Wenn man sich zum Thema Europa äußern soll, besteht eine der Hauptgefahren darin, in beruhigende und unstrittige Banalitäten abzugleiten. Über die wir uns dann alle, zumindest innerhalb des gesellschaftlichen Milieus, in dem diese Zeilen gelesen werden, unweigerlich einig sind: Ja, das Fremde ist es wert, entdeckt zu werden; ja, das Übersetzen ist eine gute Sache; ja, der Frieden zwischen den Völkern in unserer Weltgegend ist eine außerordentliche Errungenschaft und so weiter. Dennoch – hat man sich diese bedeutenden Leitsatze erst einmal an den Kopf geworfen, wird nichts dafür getan, sie konkret umzusetzen. Um nicht in die gleiche Falle zu tappen, möchte ich versuchen, einige anschauliche Begebenheiten aus meiner bruchstückhaften und anfechtbaren Erfahrung als Übersetzer (aus dem Deutschen) und als französischsprachiger Schriftsteller (der mehrere Bücher über deutsche Persönlichkeiten geschrieben hat) aufzugreifen.
Beginnen möchte ich mit einem Ereignis, das im Hinblick auf die Schwierigkeit, eine (konkrete) Praxis für und einen allgemeinen Diskurs über Europa zu formulieren, äußerst aufschlussreich und symptomatisch ist. Ich war eingeladen, im Maison de l‘Europe in Paris eine Gesprächsrunde mit dem bedeutenden österreichischen Schriftsteller Werner Kofler und seinem nicht weniger bedeutenden Übersetzer Bernard Banoun, dessen Arbeit in diesem Jahr mit dem Prix de Nerval ausgezeichnet wurde, zu leiten. Die Gesprächsrunde sollte sich des Themas Europa annehmen.

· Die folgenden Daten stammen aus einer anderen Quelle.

definition EXX :: "(real \<Rightarrow> real) \<Rightarrow> (real \<Rightarrow> real) \<Rightarrow> (real \<Rightarrow> real \<Rightarrow> real) \<Rightarrow> real" where
  "EXX f1 f2 g =
     (LINT z | (density lborel (\<lambda>x. ennreal (f1 x)) \<Otimes>\<^sub>M density lborel (\<lambda>x. ennreal (f2 x))).
        g (fst z) (snd z))"

definition JR :: "(real \<Rightarrow> real) \<Rightarrow> (real \<Rightarrow> real) \<Rightarrow> (nat \<Rightarrow> real \<Rightarrow> real \<Rightarrow> nat)
    \<Rightarrow> (nat \<times> real \<Rightarrow> nat \<Rightarrow> real \<times> real) \<Rightarrow> nat \<Rightarrow> real \<Rightarrow> real" where
  "JR f1 f2 \<gamma> \<eta> m \<theta> =
     EXX f1 f2 (\<lambda>x1 x2. qloss \<theta> x1 x2 (\<eta> (\<gamma> m x1 x2, xsel (\<gamma> m x1 x2) x1 x2) m))"

text \<open>P(M = m) with M = psi(Theta), Theta having density p on [0,1].\<close>
definition probM :: "(real \<Rightarrow> real) \<Rightarrow> (real \<Rightarrow> nat) \<Rightarrow> nat \<Rightarrow> real" where
  "probM p \<psi> m = (LINT \<theta>:{\<theta>\<in>{0..1}. \<psi> \<theta> = m}|lborel. p \<theta>)"

text \<open>Platform's expected loss J_P(s | m, x1, x2, psi, eta) = E[l | X = x, M = m]
  (elementary conditional expectation E[l 1(M=m)] / P(M=m); Theta independent of X).\<close>
definition JP :: "(real \<Rightarrow> real) \<Rightarrow> (real \<Rightarrow> nat) \<Rightarrow> (nat \<times> real \<Rightarrow> nat \<Rightarrow> real \<times> real)
    \<Rightarrow> nat \<Rightarrow> nat \<Rightarrow> real \<Rightarrow> real \<Rightarrow> real" where
  "JP p \<psi> \<eta> s m x1 x2 =
     (LINT \<theta>:{\<theta>\<in>{0..1}. \<psi> \<theta> = m}|lborel. qloss \<theta> x1 x2 (\<eta> (s, xsel s x1 x2) m) * p \<theta>)
     / probM p \<psi> m"

text \<open>Joint density of (M = m, Y = (s, x)) weighted by h(X1, X2):
  E[h(X1,X2); M = m, S = s, X_s \<in> dx] / dx.\<close>
definition condpart :: "(real \<Rightarrow> real) \<Rightarrow> (real \<Rightarrow> real) \<Rightarrow> (real \<Rightarrow> real) \<Rightarrow> (real \<Rightarrow> nat)
    \<Rightarrow> (nat \<Rightarrow> real \<Rightarrow> real \<Rightarrow> nat) \<Rightarrow> nat \<Rightarrow> nat \<Rightarrow> real \<Rightarrow> (real \<Rightarrow> real \<Rightarrow> real) \<Rightarrow> real" where
  "condpart f1 f2 p \<psi> \<gamma> m s x h =
     probM p \<psi> m *
     (if s = 1 then f1 x * (LINT x2|lborel. h x x2 * indicator {x2. \<gamma> m x x2 = 1} x2 * f2 x2)
      else f2 x * (LINT x1|lborel. h x1 x * indicator {x1. \<gamma> m x1 x = 2} x1 * f1 x1))"

text \<open>Bayesian Nash Equilibrium (with messages in {1..n}); strategies are required
  to be measurable so that M and Y are random variables.  Condition (3) is imposed
  wherever the conditioning event has positive (joint) density.\<close>
definition BNE :: "nat \<Rightarrow> (real \<Rightarrow> real) \<Rightarrow> (real \<Rightarrow> real) \<Rightarrow> (real \<Rightarrow> real)
    \<Rightarrow> (real \<Rightarrow> nat) \<Rightarrow> (nat \<Rightarrow> real \<Rightarrow> real \<Rightarrow> nat) \<Rightarrow> (nat \<times> real \<Rightarrow> nat \<Rightarrow> real \<times> real) \<Rightarrow> bool" where
  "BNE n f1 f2 p \<psi> \<gamma> \<eta> \<longleftrightarrow>
     \<psi> \<in> lborel \<rightarrow>\<^sub>M count_space UNIV \<and> (\<forall>\<theta>\<in>{0..1}. \<psi> \<theta> \<in> {1..n}) \<and>
     (\<forall>m. (\<lambda>z. \<gamma> m (fst z) (snd z)) \<in> (lborel \<Otimes>\<^sub>M lborel) \<rightarrow>\<^sub>M count_space UNIV) \<and>
     (\<forall>m x1 x2. \<gamma> m x1 x2 \<in> {1, 2}) \<and>
     (\<forall>s m. (\<lambda>x. \<eta> (s, x) m) \<in> borel_measurable lborel) \<and>
     (\<forall>\<theta>\<in>{0..1}. \<forall>m\<in>{1..n}. JR f1 f2 \<gamma> \<eta> (\<psi> \<theta>) \<theta> \<le> JR f1 f2 \<gamma> \<eta> m \<theta>) \<and>
     (\<forall>m\<in>{1..n}. \<forall>x1 x2. \<forall>s\<in>{1, 2}. JP p \<psi> \<eta> (\<gamma> m x1 x2) m x1 x2 \<le> JP p \<psi> \<eta> s m x1 x2) \<and>
     (\<forall>m\<in>{1..n}. \<forall>s\<in>{1, 2}. \<forall>x.
        condpart f1 f2 p \<psi> \<gamma> m s x (\<lambda>_ _. 1) > 0 \<longrightarrow>
        \<eta> (s, x) m = (condpart f1 f2 p \<psi> \<gamma> m s x (\<lambda>a b. a) / condpart f1 f2 p \<psi> \<gamma> m s x (\<lambda>_ _. 1),
                       condpart f1 f2 p \<psi> \<gamma> m s x (\<lambda>a b. b) / condpart f1 f2 p \<psi> \<gamma> m s x (\<lambda>_ _. 1)))"

definition wqd :: "real \<Rightarrow> real \<Rightarrow> (nat \<Rightarrow> real) \<Rightarrow> nat \<Rightarrow> real \<Rightarrow> real \<Rightarrow> nat" where
  "wqd \<mu>1 \<mu>2 w m x1 x2 = (if w m * (x1 - \<mu>1)^2 > (1 - w m) * (x2 - \<mu>2)^2 then 1 else 2)"
lemma row_stochastic_matpow:
  assumes "row_stochastic A" shows "row_stochastic (matpow A m)"
proof (induction m)
  case 0 show ?case by (simp add: row_stochastic_def)
next
  case (Suc m)
  have "(\<Sum>j\<in>UNIV. \<Sum>l\<in>UNIV. A i l * matpow A m l j) = (\<Sum>l\<in>UNIV. A i l * (\<Sum>j\<in>UNIV. matpow A m l j))"
    for i by (subst sum.swap) (simp add: sum_distrib_left)
  with Suc assms show ?case
    by (auto simp: row_stochastic_def intro!: sum_nonneg)
qed

lemma matpow_add: "matpow A (a + b) i j = (\<Sum>l\<in>UNIV. matpow A a i l * matpow A b l j)"
proof (induction a arbitrary: i)
  case 0
  have "(if i = l then 1 else 0) * matpow A b l j = (if i = l then matpow A b l j else 0)" for l
    by simp
  then show ?case by simp
next
  case (Suc a)
  have "matpow A (Suc a + b) i j = (\<Sum>x\<in>UNIV. \<Sum>l\<in>UNIV. A i x * matpow A a x l * matpow A b l j)"
    by (simp add: Suc sum_distrib_left mult.assoc)
  also have "\<dots> = (\<Sum>l\<in>UNIV. (\<Sum>x\<in>UNIV. A i x * matpow A a x l) * matpow A b l j)"
    by (subst sum.swap) (simp add: sum_distrib_right)
  finally show ?case by simp
qed

lemma row_stochastic_average_le:
  assumes "row_stochastic A" and "\<And>j. x j \<le> b"
  shows "(\<Sum>j\<in>UNIV. A i j * x j) \<le> b"
proof -
  have "(\<Sum>j\<in>UNIV. A i j * x j) \<le> (\<Sum>j\<in>UNIV. A i j * b)"
    using assms by (intro sum_mono mult_left_mono) (auto simp: row_stochastic_def)
  also have "\<dots> = b"
    using assms by (simp add: row_stochastic_def flip: sum_distrib_right)
  finally show ?thesis .
qed

lemma row_stochastic_average_le_heavy:
  assumes A: "row_stochastic A" and x: "\<And>j. x j \<le> b" and x_js: "x js \<le> b - h"
    and weight: "A i js \<ge> \<eta>" and "h \<ge> 0"
  shows "(\<Sum>j\<in>UNIV. A i j * x j) \<le> b - \<eta> * h"
proof -
  have "(\<Sum>j\<in>UNIV. A i j * x j) \<le> (\<Sum>j\<in>UNIV. A i j * (b - (if j = js then h else 0)))"
    using A x x_js by (intro sum_mono mult_left_mono) (auto simp: row_stochastic_def)
  also have "\<dots> = (\<Sum>j\<in>UNIV. A i j) * b - A i js * h"
  proof -
    have "A i j * (b - (if j = js then h else 0)) = A i j * b - (if j = js then A i j * h else 0)"
      for j by (simp add: right_diff_distrib)
    then show ?thesis by (simp add: sum_subtractf sum_distrib_right)
  qed
  also have "\<dots> = b - A i js * h"
    using A by (simp add: row_stochastic_def)
  also have "\<dots> \<le> b - \<eta> * h"
    using weight \<open>h \<ge> 0\<close> by (simp add: mult_right_mono)
  finally show ?thesis .
qed

lemma matpow_ge_pow_of_path:
  assumes A: "row_stochastic A" and edge: "\<And>y z. (y, z) \<in> E \<Longrightarrow> A z y \<ge> \<delta>"
    and "\<delta> \<ge> 0" and "(j, i) \<in> E\<^sup>*"
  shows "\<exists>k. matpow A k i j \<ge> \<delta> ^ k"
  using \<open>(j, i) \<in> E\<^sup>*\<close>
proof (induction rule: rtrancl_induct)
  case base show ?case by (intro exI[of _ 0]) simp
next
  case (step y z)
  then obtain k where k: "matpow A k y j \<ge> \<delta> ^ k" by blast
  have "\<delta> ^ Suc k \<le> A z y * matpow A k y j"
    using k edge[OF step(2)] \<open>\<delta> \<ge> 0\<close> by (simp add: mult_mono)
  also have "\<dots> \<le> (\<Sum>x\<in>UNIV. A z x * matpow A k x j)"
    using A row_stochastic_matpow[OF A, of k]
    by (intro member_le_sum) (auto simp: row_stochastic_def)
  finally show ?case by (intro exI[of _ "Suc k"]) simp
qed

lemma matpow_ge_pow_mono:
  assumes A: "row_stochastic A" and diag: "\<And>i. A i i \<ge> \<delta>" and "\<delta> \<ge> 0"
    and "matpow A k i j \<ge> \<delta> ^ k" and "k \<le> m"
  shows "matpow A m i j \<ge> \<delta> ^ m"
  using \<open>k \<le> m\<close>
proof (induction m rule: dec_induct)
  case (step m)
  have "\<delta> ^ Suc m \<le> A i i * matpow A m i j"
    unfolding power_Suc using step.IH diag[of i] \<open>\<delta> \<ge> 0\<close> by (intro mult_mono) auto
  also have "\<dots> \<le> (\<Sum>x\<in>UNIV. A i x * matpow A m x j)"
    using A row_stochastic_matpow[OF A, of m]
    by (intro member_le_sum) (auto simp: row_stochastic_def)
  finally show ?case by simp
qed (use assms in simp)

lemma matpow_uniformly_positive:
  assumes A: "row_stochastic A" and diag: "\<And>i. A i i \<ge> \<delta>"
    and edge: "\<And>y z. (y, z) \<in> E \<Longrightarrow> A z y \<ge> \<delta>" and "\<delta> \<ge> 0"
    and "strongly_connected E"
  shows "\<exists>N. \<forall>i j. matpow A N i j \<ge> \<delta> ^ N"
proof -
  have "(j, i) \<in> E\<^sup>*" for i j
    using \<open>strongly_connected E\<close> by (simp add: strongly_connected_def)
  then have "\<exists>k. matpow A k i j \<ge> \<delta> ^ k" for i j
    using matpow_ge_pow_of_path[OF A edge \<open>\<delta> \<ge> 0\<close>] by blast
  then obtain k where k: "\<And>i j. matpow A (k i j) i j \<ge> \<delta> ^ k i j" by metis
  define N where "N = Max (range (case_prod k))"
  have kN: "k i j \<le> N" for i j
    unfolding N_def by (rule Max_ge) auto
  show ?thesis
    by (intro exI[of _ N] allI matpow_ge_pow_mono[OF A diag \<open>\<delta> \<ge> 0\<close> k kN])
qed

lemma matpow_lower_bound_persists:
  assumes A: "row_stochastic A" and N: "\<And>i j. matpow A N i j \<ge> \<eta>" and "N \<le> m"
  shows "matpow A m i j \<ge> \<eta>"
proof -
  have "matpow A m i j = (\<Sum>l\<in>UNIV. matpow A (m - N) i l * matpow A N l j)"
    using matpow_add[of A "m - N" N] \<open>N \<le> m\<close> by simp
  also have "\<dots> \<ge> (\<Sum>l\<in>UNIV. matpow A (m - N) i l * \<eta>)"
    using row_stochastic_matpow[OF A] N
    by (intro sum_mono mult_left_mono) (auto simp: row_stochastic_def)
  also have "(\<Sum>l\<in>UNIV. matpow A (m - N) i l * \<eta>) = \<eta>"
    using row_stochastic_matpow[OF A] by (simp add: row_stochastic_def flip: sum_distrib_right)
  finally show ?thesis .
qed

lemma linear_recursion_closed_form:
  assumes init: "\<And>i. \<psi> 0 i = 0"
    and step: "\<And>t i. \<psi> (Suc t) i = \<Lambda> (Suc t) i + (\<Sum>j\<in>UNIV. A i j * \<psi> t j)"
  shows "\<psi> t i = (\<Sum>k\<in>{1..t}. \<Sum>j\<in>UNIV. matpow A (t - k) i j * \<Lambda> k j)"
proof (induction t arbitrary: i)
  case 0 show ?case by (simp add: init)
next
  case (Suc t)
  have "(\<Sum>j\<in>UNIV. A i j * \<psi> t j)
      = (\<Sum>l\<in>UNIV. \<Sum>k\<in>{1..t}. \<Sum>j\<in>UNIV. A i l * matpow A (t - k) l j * \<Lambda> k j)"
    by (simp add: Suc sum_distrib_left mult.assoc)
  also have "\<dots> = (\<Sum>k\<in>{1..t}. \<Sum>j\<in>UNIV. \<Sum>l\<in>UNIV. A i l * matpow A (t - k) l j * \<Lambda> k j)"
    by (subst sum.swap, rule sum.cong[OF refl], rule sum.swap)
  also have "\<dots> = (\<Sum>k\<in>{1..t}. \<Sum>j\<in>UNIV. matpow A (Suc t - k) i j * \<Lambda> k j)"
    by (intro sum.cong refl) (simp add: Suc_diff_le sum_distrib_right)
  finally have "(\<Sum>j\<in>UNIV. A i j * \<psi> t j) = \<dots>" .
  moreover have "(\<Sum>j\<in>UNIV. matpow A 0 i j * \<Lambda> (Suc t) j) = \<Lambda> (Suc t) i"
  proof -
    have "matpow A 0 i j * \<Lambda> (Suc t) j = (if i = j then \<Lambda> (Suc t) j else 0)" for j
      by simp
    then show ?thesis by simp
  qed
  ultimately show ?case by (simp add: step)
qed

lemma sum_le_linear_with_exceptions:
  fixes T :: "nat \<Rightarrow> real"
  assumes T: "\<And>k. k \<in> {1..t} \<Longrightarrow>
               T k \<le> - c + (if k < K then C else 0) + (if t - N < k then D else 0)"
    and "C \<ge> 0" and "D \<ge> 0"
  shows "(\<Sum>k\<in>{1..t}. T k) \<le> - c * real t + real K * C + real N * D"
proof -
  have count: "(\<Sum>k\<in>{1..t}. if P k then a else 0) = real (card {k\<in>{1..t}. P k}) * a"
    for P and a :: real
    using sum.inter_filter[of "{1..t}" "\<lambda>_. a" P] by simp
  have "(\<Sum>k\<in>{1..t}. T k)
      \<le> (\<Sum>k\<in>{1..t}. - c + (if k < K then C else 0) + (if t - N < k then D else 0))"
    by (rule sum_mono) (rule T)
  also have "\<dots> = - c * real t + real (card {k\<in>{1..t}. k < K}) * C
                     + real (card {k\<in>{1..t}. t - N < k}) * D"
    by (simp only: sum.distrib count) simp
  moreover have "card {k\<in>{1..t}. k < K} \<le> K"
    using card_mono[of "{..<K}" "{k\<in>{1..t}. k < K}"] by auto
  moreover have "card {k\<in>{1..t}. t - N < k} \<le> N"
  proof -
    have "card {k\<in>{1..t}. t - N < k} \<le> card {t - N<..t}"
      by (rule card_mono) auto
    then show ?thesis by simp
  qed
  ultimately show ?thesis
    using \<open>C \<ge> 0\<close> \<open>D \<ge> 0\<close> by (smt (verit) mult_right_mono of_nat_mono)
qed

lemma matpow_weighted_input_le:
  fixes \<Lambda> :: "nat \<Rightarrow> 'v::finite \<Rightarrow> real"
  assumes A: "row_stochastic A" and N: "\<And>i j. matpow A N i j \<ge> \<eta>"
    and early: "\<And>j. k < K \<Longrightarrow> \<Lambda> k j \<le> C"
    and late: "\<And>j. K \<le> k \<Longrightarrow> \<Lambda> k j \<le> e * real k"
    and late_js: "K \<le> k \<Longrightarrow> \<Lambda> k js \<le> (e - d) * real k"
    and "k \<in> {1..t}" and "0 \<le> e" "e \<le> c" "2 * c \<le> \<eta> * d" "0 \<le> d"
  shows "(\<Sum>j\<in>UNIV. matpow A (t - k) i j * \<Lambda> k j)
           \<le> - c + (if k < K then C + c else 0) + (if t - N < k then e * real t + c else 0)"
proof -
  note P = row_stochastic_matpow[OF A, of "t - k"]
  consider "k < K" | "K \<le> k" "t - N < k" | "K \<le> k" "k \<le> t - N" by linarith
  then show ?thesis
  proof cases
    case 1
    have "(\<Sum>j\<in>UNIV. matpow A (t - k) i j * \<Lambda> k j) \<le> C"
      using row_stochastic_average_le[OF P, of "\<Lambda> k" C] early 1 by simp
    moreover have "0 \<le> e * real t + c" using \<open>0 \<le> e\<close> \<open>e \<le> c\<close> by simp
    ultimately show ?thesis using 1 by simp
  next
    case 2
    have "(\<Sum>j\<in>UNIV. matpow A (t - k) i j * \<Lambda> k j) \<le> e * real k"
      using row_stochastic_average_le[OF P, of "\<Lambda> k" "e * real k"] late 2 by simp
    also have "\<dots> \<le> e * real t" using \<open>k \<in> {1..t}\<close> \<open>0 \<le> e\<close> by (simp add: mult_left_mono)
    finally show ?thesis using 2 by simp
  next
    case 3
    have "matpow A (t - k) i js \<ge> \<eta>"
      using 3 \<open>k \<in> {1..t}\<close> by (intro matpow_lower_bound_persists[OF A N]) auto
    then have "(\<Sum>j\<in>UNIV. matpow A (t - k) i j * \<Lambda> k j) \<le> e * real k - \<eta> * (d * real k)"
      using late late_js 3 \<open>0 \<le> d\<close>
      by (intro row_stochastic_average_le_heavy[OF P]) (auto simp: algebra_simps)
    also have "\<dots> \<le> - (2 * c - e) * real k"
    proof -
      have "2 * c * real k \<le> \<eta> * d * real k"
        using \<open>2 * c \<le> \<eta> * d\<close> by (simp add: mult_right_mono)
      then show ?thesis by (simp add: algebra_simps)
    qed
    also have "\<dots> \<le> - (2 * c - e) * 1"
      using \<open>k \<in> {1..t}\<close> \<open>e \<le> c\<close> \<open>0 \<le> e\<close> by (intro mult_left_mono_neg) auto
    finally show ?thesis using 3 \<open>e \<le> c\<close> by auto
  qed
qed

Da wir nichts Allgemeines über Europa zu sagen hatten oder uns dafür nicht zuständig fühlten, sprachen wir also zu dritt über die Besonderheiten der österreichischen Literatur, die Vorwürfe des Provinzialismus, denen sich auch Elfriede Jelinek ausgesetzt sah, sowie über den Einfluss von Thomas Bernhard und so weiter.
Wir unterhielten uns auf Deutsch, und ich übersetzte für das Publikum ins Französische. Unsere Ausführungen waren weder besonders akademisch noch schwer verständlich, vielmehr war es eine lebensnahe Erfahrung sprachlichen Miteinanders und europäischer Themen.
Der Leiter des ehrwürdigen Hauses aber versuchte uns zu unterbrechen, stieg auf das Podium und insistierte auf dem angekündigten Thema: Europa! In seinen Augen waren Bernhard, Jelinek und Kofler nicht „europäisch“ genug. Dann wiederholte er mit Nachdruck einen berühmten Ausspruch Umberto Ecos: „Die Übersetzung ist die Sprache Europas.“ Ohne jeden Willen zur Polemik bin ich der Ansicht, dass wir es hier mit einem guten Beispiel für die Gefahren von Allgemeinplätzen zu tun haben, die die Debatte plagen. Die Herausforderungen, mit denen Europa nämlich allzu oft zu tun hat, sind mitunter technischer und sogar ziemlich nüchterner Natur und betreffen die Übersetzung, das Dolmetschen sowie die Übersetzer- und Dolmetschervergütung.